So every afternoon now, an ice cream van, Mr Lucky Clover Leaf Ices, comes hurtling down the road playing his chimes. He doesn't stop. He gets to the roundabout, whizzes around like a high-speed music box and then drives off back up the road again.
What's his game? Any children who happen to hear that magical jingle would be left in a cloud of tire-smoke as he speeds away, and that's if they should they be fast enough to even get out there. Mr Lucky Clover Leaf Ices never stops - they'll never catch him.

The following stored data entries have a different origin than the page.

(* Let $m\ge2$ and $f_1,\dots,f_m:X\to\mathbb R_{+\infty}$ with $\bigcap_{i=1}^m\operatorname{dom} f_i\ne\emptyset$, and suppose the zero function $0$ belongs to $\mathcal L$. The following are equivalent: (i) $0\in\bigcap_{\varepsilon>0}\bigcup_{x\in X}\sum_{i=1}^m\partial_\varepsilon f_i(x)$; (ii) $\left(\sum_{i=1}^m f_i\right)^*(0)=(f_1^*\square\cdots\square f_m^* )(0)<+\infty$. (Note that (ii) means the primal problem $\inf_{x\in X}\sum_i f_i(x)$ and the dual problem $\sup\{-\sum_i f_i^*(l_i): l_i\in\mathcal L,\ \sum_i l_i=0\}$ have equal, finite optimal values.)
   Context: $X$ is a nonempty set; $\mathbb R_{+\infty}=\mathbb R\cup\{+\infty\}$. A space of abstract linear functions is a family $\mathcal L$ of functions $l:X\to\mathbb R$ such that (a) $l_1,l_2\in\mathcal L$ implies $l_1+l_2\in\mathcal L$, and (b) for every $l\in\mathcal L$ and $m\in\mathbb N$ there exist $l_1,\dots,l_m\in\mathcal L$ with $l=l_1+\dots+l_m$. For $f:X\to\mathbb R_{+\infty}$: $\operatorname{dom} f=\{x:f(x)<+\infty\}$; $f^*(l)=\sup_{x\in X}(l(x)-f(x))$. Infimal convolution: $(g_1\square\cdots\square g_m)(l)=\inf\{\sum_i g_i(l_i):l_i\in\mathcal L,\ \sum_i l_i=l\}$. For $\varepsilon\ge0$ and $x\in\operatorname{dom} f$, $\partial_\varepsilon f(x)=\{l\in\mathcal L: f(y)-f(x)-(l(y)-l(x))+\varepsilon\ge0\ \forall y\in X\}$, and $\partial_\varepsilon f(x)=\emptyset$ if $x\notin\operatorname{dom} f$. Sums of subsets of $\mathcal L$ are Minkowski sums. *)

theory Defs
  imports "HOL-Analysis.Analysis" "HOL-Library.Extended_Real"
begin

text \<open>Functions X -> R_{+infty} are modelled as 'a => ereal never taking the value -infinity.
  Abstract linear functions are real-valued functions on 'a; L is a set of them.\<close>

definition abstract_linear_space :: "('a \<Rightarrow> real) set \<Rightarrow> bool" where
  "abstract_linear_space L \<longleftrightarrow>
     (\<forall>l1\<in>L. \<forall>l2\<in>L. (\<lambda>x. l1 x + l2 x) \<in> L) \<and>
     (\<forall>l\<in>L. \<forall>k::nat. k \<ge> 1 \<longrightarrow>
        (\<exists>ls. (\<forall>i\<in>{1..k}. ls i \<in> L) \<and> l = (\<lambda>x. \<Sum>i=1..k. ls i x)))"
lemma mu_expand:
  assumes "typing G (Mu (strsub_c 0 (liftn 0 N) C)) t D" and "well_sorted G D"
  shows "typing G (App (Mu C) N) t D"
  using assms
proof (induction G "Mu (strsub_c 0 (liftn 0 N) C)" t D rule: typing_induct)
  case (Mu k G k' r D)
  obtain b M where C: "C = Cmd b M" by (cases C)
  have "typed_below G N D (\<lambda>e. typing_c G C
      (if b = 0 then push_arg_c e (Prod (Arr k' r) k') else Prod (Arr k' r) k')
      (scons (Prod e k) D))"
    using typing_strsub_expand(2)[OF Mu.hyps(2)[unfolded C]
        well_sorted_scons_name[OF Mu.hyps(1) Mu.prems] refl] C
    by (simp add: push_arg_name_0_scons typed_below_liftn)
  then obtain d where N: "typing G N d D" and "typing_c G C
      (if b = 0 then push_arg_c d (Prod (Arr k' r) k') else Prod (Arr k' r) k')
      (scons (Prod d k) D)"
    using Mu.prems by (auto elim!: typed_below_witness)
  moreover have "isC (Prod d k)" using typing_sorts(1)[OF N Mu.prems] Mu.hyps(1) by simp
  ultimately have "typing G (Mu C) (Arr (Prod d k) r) D"
    by (cases "b = 0") (auto intro: typing_typing_c.Mu)
  then show ?case using N by (rule App)
qed (auto intro: typing_typing_c.And Omega Sub)

lemma ren_expand:
  assumes "well_sorted G D" and "typing_c G (renn_c 0 a C) (Prod (Arr k r) k) D"
  shows "typing_c G (Cmd a (Mu C)) (Prod (Arr (D a) r) (D a)) D"
proof -
  have "typing_c G C (Prod (Arr k r) k) (scons (D a) D)"
    using typing_renn_expand(2)[OF assms(2)] by (simp add: insert_at_0)
  then have "typing G (Mu C) (Arr (D a) r) D"
    using assms(1) by (intro Mu) (auto simp: well_sorted_def)
  then show ?thesis by (rule Cmd)
qed

lemma typing_Lam_cong:
  fixes G :: "nat \<Rightarrow> 'a::complete_lattice ty"
  assumes "typing G (Lam M') t D" and "well_sorted G D"
    and "\<And>(G :: nat \<Rightarrow> 'a ty) D t. well_sorted G D \<Longrightarrow> typing G M' t D \<Longrightarrow> typing G M t D"
  shows "typing G (Lam M) t D"
  using assms(1,2)
proof (induction G "Lam M'" t D rule: typing_induct)
  case (Abs d G k r D)
  have "typing (scons d G) M (Arr k r) D"
    using assms(3)[OF well_sorted_scons_var[OF Abs.hyps(1) Abs.prems] Abs.hyps(2)] .
  then show ?case by (rule typing_typing_c.Abs[OF Abs.hyps(1)])
qed (auto intro: typing_typing_c.intros)

lemma typing_App_cong_left:
  fixes G :: "nat \<Rightarrow> 'a::complete_lattice ty"
  assumes "typing G (App M' N) t D" and "well_sorted G D"
    and "\<And>(G :: nat \<Rightarrow> 'a ty) D t. well_sorted G D \<Longrightarrow> typing G M' t D \<Longrightarrow> typing G M t D"
  shows "typing G (App M N) t D"
  using assms(1,2)
proof (induction G "App M' N" t D rule: typing_induct)
  case (App G d k r D)
  have "typing G M (Arr (Prod d k) r) D" using assms(3)[OF App.prems App(1)] .
  then show ?case using App(3) by (rule typing_typing_c.App)
qed (auto intro: typing_typing_c.intros)

lemma typing_App_cong_right:
  fixes G :: "nat \<Rightarrow> 'a::complete_lattice ty"
  assumes "typing G (App M N') t D" and "well_sorted G D"
    and "\<And>(G :: nat \<Rightarrow> 'a ty) D t. well_sorted G D \<Longrightarrow> typing G N' t D \<Longrightarrow> typing G N t D"
  shows "typing G (App M N) t D"
  using assms(1,2)
proof (induction G "App M N'" t D rule: typing_induct)
  case (App G d k r D)
  have "typing G N d D" using assms(3)[OF App.prems App(3)] .
  with App(1) show ?case by (rule typing_typing_c.App)
qed (auto intro: typing_typing_c.intros)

The only thing I can think is that perhaps it's the closest edge of the park. So maybe it's a strategic blast of the chimes for all the kids and mums lounging on the grass just behind my house? Perhaps his melodious rendition of Pop Goes the Weasel can't be heard from the park entrance, so he circles the park first giving it a surround-sound rendition of his cantata, then eventually goes and parks up near the entrance, where he hopes a queue of kids will have naturally dragged their parents, notes in hand.
You know, Pop Goes the Weasel used to have two more verses - it's all Cockney Rhyming Slang for things your dad spends money on. I looked up the words:
Half a pound of tuppeny rice,
(food)
Half a pound of treacle.
(treacle tart = sweetheart)
That's the way money goes,
Pop! goes the weasel
(weasel and stoat = coat)
Every night when I go out,
The monkey's on the table,
(£500)
Take a stick and knock it off,
Pop! goes the weasel
(flushed down the cat and dog)
Up and down the City road,
In and out the Eagle,
(a real establishment in a real London Street)
That's the way the money goes,
Pop goes the weasel.
(Dad's in the boozer)
It's a neat little social commentary. Money goes on fripperies at the end of the day.
Mr Lucky Clover Leaf's taking the mick isn't he - playing that tune at the end of my road - what could be more frippery than ice cream?
Still, on days like today, I'm sure he does a roaring trade selling 99s and magnums to the picnic families out there on the buttercup grass. Or perhaps he doesn't? Perhaps in this age of caution and social distance, he's not selling enough Calippos at all? Perhaps he has to roam all the streets, all the cul-de-sacs, all the avenues, gardens and closes, just to remind us he's still here, that ice cream is still a beautiful thing, or is the promise of a beautiful thing, a sweet taste, a sweet aroma, a sweet sound, from the side of the road? Well good luck to you, Mr Luck Clover Leaf Ices with your mobile marketing-mobile. Though maybe slow down a bit, eh?